• Task requirements:
Please return the lines below verbatim, beginning at the one that has "does its derivative" and stopping after the one that has "difference is the", and add no other lines.

• Data for analysis:

text \<open>
  Fixed point sets and the sets \<open>End\<^sub>G(V)(v)\<close> are linear subspaces stable under
  equivariant maps; a subspace is Zariski closed and is its own tangent space at each
  of its points, which gives (1), \<open>M(v) \<subseteq> End\<^sub>G(V)(v)\<close> and \<open>End\<^sub>G(V)(v) \<subseteq> V\<^bsup>G\<^sub>v\<^esup>\<close>.

  The substance is that a \<open>G\<close>-symmetric \<open>X \<ni> v\<close> contains \<open>\<phi>(v)\<close> for every equivariant
  \<open>\<phi>\<close>. Consider families \<open>\<Phi>\<^sub>t = \<Sum>\<^sub>j\<^sub>\<le>\<^sub>N t\<^sup>j \<psi>\<^sub>j\<close> of equivariant maps with \<open>\<psi>\<^sub>0 = id\<close> and a
  polynomial \<open>f\<close> vanishing on \<open>X\<close>, and let \<open>h\<^sub>k\<close> be the \<open>t\<^sup>k\<close>-coefficient of \<open>f(\<Phi>\<^sub>t x)\<close>.
  By induction on \<open>k\<close>, simultaneously for all families, \<open>h\<^sub>k\<close> vanishes on \<open>X\<close>: then so
  does its derivative along the tangent field \<open>\<psi>\<^sub>1\<close>, which is the \<open>t\<^sup>k\<close>-coefficient of
  \<open>df(d\<Phi>\<^sub>t \<psi>\<^sub>1)\<close>, while \<open>(k+1) h\<^sub>k\<^sub>+\<^sub>1\<close> is that of \<open>df(\<partial>\<^sub>t\<Phi>\<^sub>t)\<close>. The difference is the
  \<open>\<mu>\<close>-derivative at \<open>0\<close> of \<open>f\<close> along the perturbed family \<open>\<Phi>\<^sub>t + \<mu>(d\<Phi>\<^sub>t \<psi>\<^sub>1 - \<partial>\<^sub>t\<Phi>\<^sub>t)\<close>, which
  again starts with the identity (as \<open>d(id) \<psi>\<^sub>1 = \<psi>\<^sub>1\<close>), so it vanishes by induction.
  Characteristic \<open>0\<close> lets us divide by \<open>k+1\<close>. For \<open>\<Phi>\<^sub>t = id + t(\<phi> - id)\<close> and \<open>t = 1\<close>
  this gives \<open>f(\<phi> v) = 0\<close>.

  All derivatives are formal: expressions polynomial in two auxiliary parameters
  \<open>s\<close>, \<open>t\<close> and in \<open>x \<in> V\<close> are bivariate polynomials whose coefficients are
  polynomial functions on \<open>V\<close>, and identities between them are checked on values.
\<close>

lemma vpolys_coord: "(\<lambda>x::'k::comm_ring_1^'n. x $ i) \<in> vpolys"
  unfolding vpolys_def by (rule polys.coord) auto

lemma vpolys_const: "(\<lambda>x::'k::comm_ring_1^'n. c) \<in> vpolys"
  unfolding vpolys_def by (rule polys.const)

lemma vpolys_add: "f \<in> vpolys \<Longrightarrow> g \<in> vpolys \<Longrightarrow> (\<lambda>x. f x + g x) \<in> vpolys"
  unfolding vpolys_def by (rule polys.add)

lemma vpolys_mult: "f \<in> vpolys \<Longrightarrow> g \<in> vpolys \<Longrightarrow> (\<lambda>x. f x * g x) \<in> vpolys"
  unfolding vpolys_def by (rule polys.mult)

lemma vpolys_scale: "f \<in> vpolys \<Longrightarrow> (\<lambda>x. c * f x) \<in> vpolys"
  using vpolys_mult[OF vpolys_const] by blast

lemma vpolys_diff:
  "(f :: 'k::comm_ring_1^'n \<Rightarrow> 'k) \<in> vpolys \<Longrightarrow> g \<in> vpolys \<Longrightarrow> (\<lambda>x. f x - g x) \<in> vpolys"
  using vpolys_add[OF _ vpolys_scale[of g "-1"], of f] by simp

lemma vpolys_sum: "(\<And>a. a \<in> A \<Longrightarrow> f a \<in> vpolys) \<Longrightarrow> (\<lambda>x. \<Sum>a\<in>A. f a x) \<in> vpolys"
  by (induction A rule: infinite_finite_induct) (simp_all add: vpolys_const vpolys_add)

lemma vpolys_linear_form: "(\<lambda>x::'k::comm_ring_1^'n. \<Sum>j\<in>UNIV. c j * x $ j) \<in> vpolys"
  by (rule vpolys_sum) (rule vpolys_scale[OF vpolys_coord])

lemma vpolys_induct [consumes 1, case_names coord const add mult]:
  assumes "f \<in> vpolys"
    and "\<And>i. P (\<lambda>x. x $ i)"
    and "\<And>c. P (\<lambda>_. c)"
    and "\<And>f g. f \<in> vpolys \<Longrightarrow> g \<in> vpolys \<Longrightarrow> P f \<Longrightarrow> P g \<Longrightarrow> P (\<lambda>x. f x + g x)"
    and "\<And>f g. f \<in> vpolys \<Longrightarrow> g \<in> vpolys \<Longrightarrow> P f \<Longrightarrow> P g \<Longrightarrow> P (\<lambda>x. f x * g x)"
  shows "P f"
  using assms(1) unfolding vpolys_def
  by (induction rule: polys.induct) (use assms(2-5) in \<open>auto simp: vpolys_def\<close>)

lemma vpolys_comp: "f \<in> vpolys \<Longrightarrow> poly_map \<phi> \<Longrightarrow> (\<lambda>y. f (\<phi> y)) \<in> vpolys"
  by (induction rule: vpolys_induct) (auto simp: poly_map_def intro: vpolys_const vpolys_add vpolys_mult)

lemma vpolys_restrict_line: "f \<in> vpolys \<Longrightarrow> \<exists>p. \<forall>t. poly p t = f (x + t *s w)"
proof (induction rule: vpolys_induct)
  case (coord i)
  show ?case by (rule exI[of _ "[:x$i, w$i:]"]) (simp add: algebra_simps)
next
  case (const c)
  show ?case by (rule exI[of _ "[:c:]"]) simp
next
  case (add f g)
  then obtain p q where "\<forall>t. poly p t = f (x + t *s w)" "\<forall>t. poly q t = g (x + t *s w)" by blast
  then show ?case by (intro exI[of _ "p + q"]) simp
next
  case (mult f g)
  then obtain p q where "\<forall>t. poly p t = f (x + t *s w)" "\<forall>t. poly q t = g (x + t *s w)" by blast
  then show ?case by (intro exI[of _ "p * q"]) simp
qed

lemma dderiv_eq_coeff:
  fixes f :: "'k::field_char_0^'n \<Rightarrow> 'k"
  assumes "\<forall>t. poly p t = f (x + t *s w)"
  shows "dderiv f x w = coeff p 1"
proof -
  have "(THE p. \<forall>t. poly p t = f (x + t *s w)) = p"
    by (rule the_equality) (use assms in \<open>auto intro: poly_ext\<close>)
  then show ?thesis unfolding dderiv_def by simp
qed

definition ring_closed :: "'a::comm_ring_1 set \<Rightarrow> bool" where
  "ring_closed S \<longleftrightarrow> 0 \<in> S \<and> 1 \<in> S \<and> (\<forall>a\<in>S. \<forall>b\<in>S. a + b \<in> S \<and> a * b \<in> S)"

definition poly_over :: "'a::comm_ring_1 set \<Rightarrow> 'a poly set" where
  "poly_over S = {p. \<forall>i. coeff p i \<in> S}"

lemma ring_closedD:
  "ring_closed S \<Longrightarrow> 0 \<in> S" "ring_closed S \<Longrightarrow> 1 \<in> S"
  "ring_closed S \<Longrightarrow> a \<in> S \<Longrightarrow> b \<in> S \<Longrightarrow> a + b \<in> S"
  "ring_closed S \<Longrightarrow> a \<in> S \<Longrightarrow> b \<in> S \<Longrightarrow> a * b \<in> S"
  by (auto simp: ring_closed_def)

lemma ring_closed_sum: "ring_closed S \<Longrightarrow> (\<And>a. a \<in> A \<Longrightarrow> f a \<in> S) \<Longrightarrow> sum f A \<in> S"
  by (induction A rule: infinite_finite_induct) (auto simp: ring_closed_def)

lemma ring_closed_poly_over: "ring_closed S \<Longrightarrow> ring_closed (poly_over S)"
  unfolding ring_closed_def poly_over_def
  by (auto simp: coeff_1 coeff_mult intro!: ring_closed_sum[unfolded ring_closed_def])

lemma poly_over_const: "ring_closed S \<Longrightarrow> c \<in> S \<Longrightarrow> [:c:] \<in> poly_over S"
  by (auto simp: poly_over_def ring_closed_def coeff_pCons split: nat.splits)

lemma poly_over_pCons: "ring_closed S \<Longrightarrow> c \<in> S \<Longrightarrow> p \<in> poly_over S \<Longrightarrow> pCons c p \<in> poly_over S"
  by (auto simp: poly_over_def coeff_pCons split: nat.splits)

lemma poly_over_poly:
  assumes "ring_closed S" "p \<in> poly_over (poly_over S)" "y \<in> poly_over S"
  shows "poly p y \<in> poly_over S"
  using assms(2)
proof (induction p)
  case 0
  then show ?case using ring_closedD(1)[OF ring_closed_poly_over[OF assms(1)]] by simp
next
  case (pCons a p)
  then have "a \<in> poly_over S" "p \<in> poly_over (poly_over S)"
    unfolding poly_over_def[of "poly_over S"] by (auto dest: spec[of _ 0] spec[of _ "Suc _"])
  then show ?case using pCons.IH assms(3) ring_closedD(3,4)[OF ring_closed_poly_over[OF assms(1)]] by simp
qed

lemma ring_closed_vpolys: "ring_closed (vpolys :: ('k::comm_ring_1^'n \<Rightarrow> 'k) set)"
  unfolding ring_closed_def zero_fun_def one_fun_def plus_fun_def times_fun_def
  by (auto intro: vpolys_const vpolys_add vpolys_mult)

section \<open>Bivariate polynomials over polynomial functions\<close>

text \<open>
  A value \<open>P :: ('k,'n) vfun poly poly\<close> represents the function
  \<open>(x, s, t) \<mapsto> eval2 x s t P\<close>: the outer variable is \<open>s\<close>, the inner one \<open>t\<close>.
\<close>

type_synonym ('k, 'n) vfun = "'k^'n \<Rightarrow> 'k"

definition eval_coeffs :: "'k::comm_ring_1^'n \<Rightarrow> ('k,'n) vfun poly \<Rightarrow> 'k poly" where
  "eval_coeffs x p = map_poly (\<lambda>c. c x) p"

• Solution to the problem:
  does its derivative along the tangent field \<open>\<psi>\<^sub>1\<close>, which is the \<open>t\<^sup>k\<close>-coefficient of
  \<open>df(d\<Phi>\<^sub>t \<psi>\<^sub>1)\<close>, while \<open>(k+1) h\<^sub>k\<^sub>+\<^sub>1\<close> is that of \<open>df(\<partial>\<^sub>t\<Phi>\<^sub>t)\<close>. The difference is the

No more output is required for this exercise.